THE TASK
Would you output the entries below only from the line containing "the two scores" through the line containing "< gmm2 w m1", exactly as they stand and with both ends included?

[Records from a data source]
↓

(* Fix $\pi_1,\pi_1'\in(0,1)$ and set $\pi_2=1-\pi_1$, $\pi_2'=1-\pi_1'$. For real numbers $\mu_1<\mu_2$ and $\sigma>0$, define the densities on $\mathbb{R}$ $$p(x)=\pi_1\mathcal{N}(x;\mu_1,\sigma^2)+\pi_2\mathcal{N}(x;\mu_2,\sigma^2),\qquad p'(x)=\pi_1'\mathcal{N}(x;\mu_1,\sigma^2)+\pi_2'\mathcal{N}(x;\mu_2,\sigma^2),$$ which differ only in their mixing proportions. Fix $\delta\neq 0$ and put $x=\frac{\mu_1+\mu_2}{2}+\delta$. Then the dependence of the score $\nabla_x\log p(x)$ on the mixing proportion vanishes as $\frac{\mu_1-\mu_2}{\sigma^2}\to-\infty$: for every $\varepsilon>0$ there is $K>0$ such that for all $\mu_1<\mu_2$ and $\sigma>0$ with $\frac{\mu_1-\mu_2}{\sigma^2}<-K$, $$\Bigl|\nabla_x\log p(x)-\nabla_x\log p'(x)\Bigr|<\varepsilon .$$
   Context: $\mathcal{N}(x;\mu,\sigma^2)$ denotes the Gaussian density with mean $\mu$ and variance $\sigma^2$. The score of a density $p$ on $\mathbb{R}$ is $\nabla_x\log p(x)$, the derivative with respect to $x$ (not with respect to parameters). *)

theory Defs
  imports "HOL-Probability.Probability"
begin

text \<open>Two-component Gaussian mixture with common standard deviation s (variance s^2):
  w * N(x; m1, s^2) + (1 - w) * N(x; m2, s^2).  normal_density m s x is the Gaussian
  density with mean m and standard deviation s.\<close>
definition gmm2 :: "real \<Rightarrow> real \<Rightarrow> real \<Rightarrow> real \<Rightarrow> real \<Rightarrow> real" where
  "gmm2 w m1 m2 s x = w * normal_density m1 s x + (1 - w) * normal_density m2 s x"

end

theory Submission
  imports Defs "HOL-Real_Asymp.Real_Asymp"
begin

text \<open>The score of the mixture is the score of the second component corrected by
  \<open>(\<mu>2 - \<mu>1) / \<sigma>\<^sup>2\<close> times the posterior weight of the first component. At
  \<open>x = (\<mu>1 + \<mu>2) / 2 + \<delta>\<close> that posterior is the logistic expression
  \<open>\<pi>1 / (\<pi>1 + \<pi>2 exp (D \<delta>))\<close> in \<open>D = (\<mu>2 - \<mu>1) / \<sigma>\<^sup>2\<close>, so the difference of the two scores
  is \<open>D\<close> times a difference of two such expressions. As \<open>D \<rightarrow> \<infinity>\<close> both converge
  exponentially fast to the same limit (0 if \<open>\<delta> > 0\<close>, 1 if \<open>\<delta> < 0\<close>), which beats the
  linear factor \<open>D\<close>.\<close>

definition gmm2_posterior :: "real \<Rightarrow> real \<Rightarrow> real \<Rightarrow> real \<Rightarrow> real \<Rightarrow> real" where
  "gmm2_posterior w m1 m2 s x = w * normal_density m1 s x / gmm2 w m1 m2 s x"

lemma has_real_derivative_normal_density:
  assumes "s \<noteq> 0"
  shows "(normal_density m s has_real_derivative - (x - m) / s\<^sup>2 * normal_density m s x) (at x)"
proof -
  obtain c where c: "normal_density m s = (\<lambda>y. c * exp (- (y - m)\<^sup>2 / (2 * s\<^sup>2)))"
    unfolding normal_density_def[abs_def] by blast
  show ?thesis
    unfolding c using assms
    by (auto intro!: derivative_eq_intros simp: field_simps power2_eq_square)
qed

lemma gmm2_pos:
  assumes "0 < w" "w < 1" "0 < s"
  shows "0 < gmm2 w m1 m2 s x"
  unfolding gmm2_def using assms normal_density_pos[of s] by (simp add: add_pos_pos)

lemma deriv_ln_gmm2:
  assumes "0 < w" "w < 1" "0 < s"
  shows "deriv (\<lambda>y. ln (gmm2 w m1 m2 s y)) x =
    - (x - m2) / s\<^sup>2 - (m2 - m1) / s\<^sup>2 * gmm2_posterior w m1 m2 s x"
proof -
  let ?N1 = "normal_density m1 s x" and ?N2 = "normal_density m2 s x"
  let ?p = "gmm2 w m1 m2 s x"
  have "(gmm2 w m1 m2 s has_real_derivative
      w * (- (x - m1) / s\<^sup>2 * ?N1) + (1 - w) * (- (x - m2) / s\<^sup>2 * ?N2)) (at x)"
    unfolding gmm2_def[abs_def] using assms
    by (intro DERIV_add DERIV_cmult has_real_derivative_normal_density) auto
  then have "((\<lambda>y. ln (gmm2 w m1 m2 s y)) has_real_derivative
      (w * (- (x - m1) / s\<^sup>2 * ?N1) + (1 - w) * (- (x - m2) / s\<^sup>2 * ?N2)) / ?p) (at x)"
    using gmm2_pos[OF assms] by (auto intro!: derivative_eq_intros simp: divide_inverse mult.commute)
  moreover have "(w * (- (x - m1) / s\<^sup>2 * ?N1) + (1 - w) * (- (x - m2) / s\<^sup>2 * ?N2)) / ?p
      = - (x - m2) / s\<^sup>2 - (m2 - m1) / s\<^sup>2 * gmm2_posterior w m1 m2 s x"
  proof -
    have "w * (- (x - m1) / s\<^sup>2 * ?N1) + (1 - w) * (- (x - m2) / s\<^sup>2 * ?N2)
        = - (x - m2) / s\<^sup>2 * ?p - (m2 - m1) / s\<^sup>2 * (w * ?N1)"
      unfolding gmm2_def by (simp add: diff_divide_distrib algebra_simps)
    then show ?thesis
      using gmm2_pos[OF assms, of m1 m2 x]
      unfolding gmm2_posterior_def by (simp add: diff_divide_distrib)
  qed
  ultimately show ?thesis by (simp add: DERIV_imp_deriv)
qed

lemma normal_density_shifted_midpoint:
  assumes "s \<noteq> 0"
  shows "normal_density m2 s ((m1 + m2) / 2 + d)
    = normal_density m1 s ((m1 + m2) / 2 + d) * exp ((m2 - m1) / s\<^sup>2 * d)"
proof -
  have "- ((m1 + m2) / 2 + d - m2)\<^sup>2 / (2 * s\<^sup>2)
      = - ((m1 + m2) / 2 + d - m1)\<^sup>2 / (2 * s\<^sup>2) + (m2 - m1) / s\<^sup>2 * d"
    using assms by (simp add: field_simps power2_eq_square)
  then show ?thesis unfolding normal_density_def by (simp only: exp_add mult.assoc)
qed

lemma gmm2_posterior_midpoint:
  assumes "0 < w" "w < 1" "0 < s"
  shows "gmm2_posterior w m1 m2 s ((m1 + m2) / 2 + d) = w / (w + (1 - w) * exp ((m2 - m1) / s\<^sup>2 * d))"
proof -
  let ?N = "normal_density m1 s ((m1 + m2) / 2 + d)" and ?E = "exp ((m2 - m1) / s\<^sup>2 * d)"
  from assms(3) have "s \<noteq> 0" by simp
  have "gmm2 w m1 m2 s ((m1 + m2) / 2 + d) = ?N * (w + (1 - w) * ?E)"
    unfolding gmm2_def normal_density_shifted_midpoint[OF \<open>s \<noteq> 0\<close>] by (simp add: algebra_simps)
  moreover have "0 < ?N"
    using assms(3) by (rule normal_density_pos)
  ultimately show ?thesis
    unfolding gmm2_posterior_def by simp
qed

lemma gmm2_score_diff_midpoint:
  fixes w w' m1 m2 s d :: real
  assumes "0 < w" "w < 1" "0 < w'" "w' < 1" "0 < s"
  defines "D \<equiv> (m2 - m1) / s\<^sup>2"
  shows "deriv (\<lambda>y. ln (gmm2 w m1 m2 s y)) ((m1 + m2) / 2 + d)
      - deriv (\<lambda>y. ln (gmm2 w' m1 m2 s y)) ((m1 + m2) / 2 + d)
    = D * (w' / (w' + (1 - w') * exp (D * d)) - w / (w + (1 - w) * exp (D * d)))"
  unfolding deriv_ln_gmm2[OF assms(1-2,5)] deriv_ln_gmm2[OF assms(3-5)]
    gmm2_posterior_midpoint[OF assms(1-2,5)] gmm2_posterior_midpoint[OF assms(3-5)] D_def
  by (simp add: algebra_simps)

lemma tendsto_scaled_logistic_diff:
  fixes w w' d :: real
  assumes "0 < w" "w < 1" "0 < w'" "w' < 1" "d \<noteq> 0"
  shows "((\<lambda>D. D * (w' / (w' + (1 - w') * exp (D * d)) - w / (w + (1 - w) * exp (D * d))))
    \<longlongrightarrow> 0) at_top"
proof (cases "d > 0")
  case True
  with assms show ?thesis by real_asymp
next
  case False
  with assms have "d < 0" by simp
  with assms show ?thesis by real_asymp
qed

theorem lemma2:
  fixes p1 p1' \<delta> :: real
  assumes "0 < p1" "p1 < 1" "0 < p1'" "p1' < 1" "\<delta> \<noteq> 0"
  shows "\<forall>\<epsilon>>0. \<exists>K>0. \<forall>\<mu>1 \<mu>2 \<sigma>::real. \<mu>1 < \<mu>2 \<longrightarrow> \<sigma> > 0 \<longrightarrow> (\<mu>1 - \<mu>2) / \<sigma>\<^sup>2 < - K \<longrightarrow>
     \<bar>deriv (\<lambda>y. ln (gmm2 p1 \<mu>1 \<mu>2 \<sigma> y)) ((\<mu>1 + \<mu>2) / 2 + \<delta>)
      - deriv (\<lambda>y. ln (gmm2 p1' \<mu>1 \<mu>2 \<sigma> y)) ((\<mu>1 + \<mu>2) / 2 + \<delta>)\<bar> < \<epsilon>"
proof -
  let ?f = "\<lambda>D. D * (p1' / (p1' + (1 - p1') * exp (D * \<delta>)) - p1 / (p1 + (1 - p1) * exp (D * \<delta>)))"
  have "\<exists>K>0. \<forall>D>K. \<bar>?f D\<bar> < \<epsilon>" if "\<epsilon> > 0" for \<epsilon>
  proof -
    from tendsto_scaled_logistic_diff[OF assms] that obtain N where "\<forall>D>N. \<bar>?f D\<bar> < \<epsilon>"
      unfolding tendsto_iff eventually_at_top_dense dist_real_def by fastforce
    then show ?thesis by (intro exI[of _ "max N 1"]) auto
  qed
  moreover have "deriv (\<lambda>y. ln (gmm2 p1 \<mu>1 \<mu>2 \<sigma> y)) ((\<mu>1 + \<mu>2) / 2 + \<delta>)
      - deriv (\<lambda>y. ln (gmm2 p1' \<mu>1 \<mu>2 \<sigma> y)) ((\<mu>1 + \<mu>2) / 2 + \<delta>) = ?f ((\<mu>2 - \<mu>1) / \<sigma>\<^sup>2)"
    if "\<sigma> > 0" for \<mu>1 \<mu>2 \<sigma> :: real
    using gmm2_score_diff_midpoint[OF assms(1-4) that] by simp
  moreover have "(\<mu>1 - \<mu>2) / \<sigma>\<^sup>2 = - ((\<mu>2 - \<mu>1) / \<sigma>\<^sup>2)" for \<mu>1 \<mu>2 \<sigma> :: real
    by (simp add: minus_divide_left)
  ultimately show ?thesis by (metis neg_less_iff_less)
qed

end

↑

SOLUTION
  \<open>\<pi>1 / (\<pi>1 + \<pi>2 exp (D \<delta>))\<close> in \<open>D = (\<mu>2 - \<mu>1) / \<sigma>\<^sup>2\<close>, so the difference of the two scores
  is \<open>D\<close> times a difference of two such expressions. As \<open>D \<rightarrow> \<infinity>\<close> both converge
  exponentially fast to the same limit (0 if \<open>\<delta> > 0\<close>, 1 if \<open>\<delta> < 0\<close>), which beats the
  linear factor \<open>D\<close>.\<close>

definition gmm2_posterior :: "real \<Rightarrow> real \<Rightarrow> real \<Rightarrow> real \<Rightarrow> real \<Rightarrow> real" where
  "gmm2_posterior w m1 m2 s x = w * normal_density m1 s x / gmm2 w m1 m2 s x"

lemma has_real_derivative_normal_density:
  assumes "s \<noteq> 0"
  shows "(normal_density m s has_real_derivative - (x - m) / s\<^sup>2 * normal_density m s x) (at x)"
proof -
  obtain c where c: "normal_density m s = (\<lambda>y. c * exp (- (y - m)\<^sup>2 / (2 * s\<^sup>2)))"
    unfolding normal_density_def[abs_def] by blast
  show ?thesis
    unfolding c using assms
    by (auto intro!: derivative_eq_intros simp: field_simps power2_eq_square)
qed

lemma gmm2_pos:
  assumes "0 < w" "w < 1" "0 < s"
  shows "0 < gmm2 w m1 m2 s x"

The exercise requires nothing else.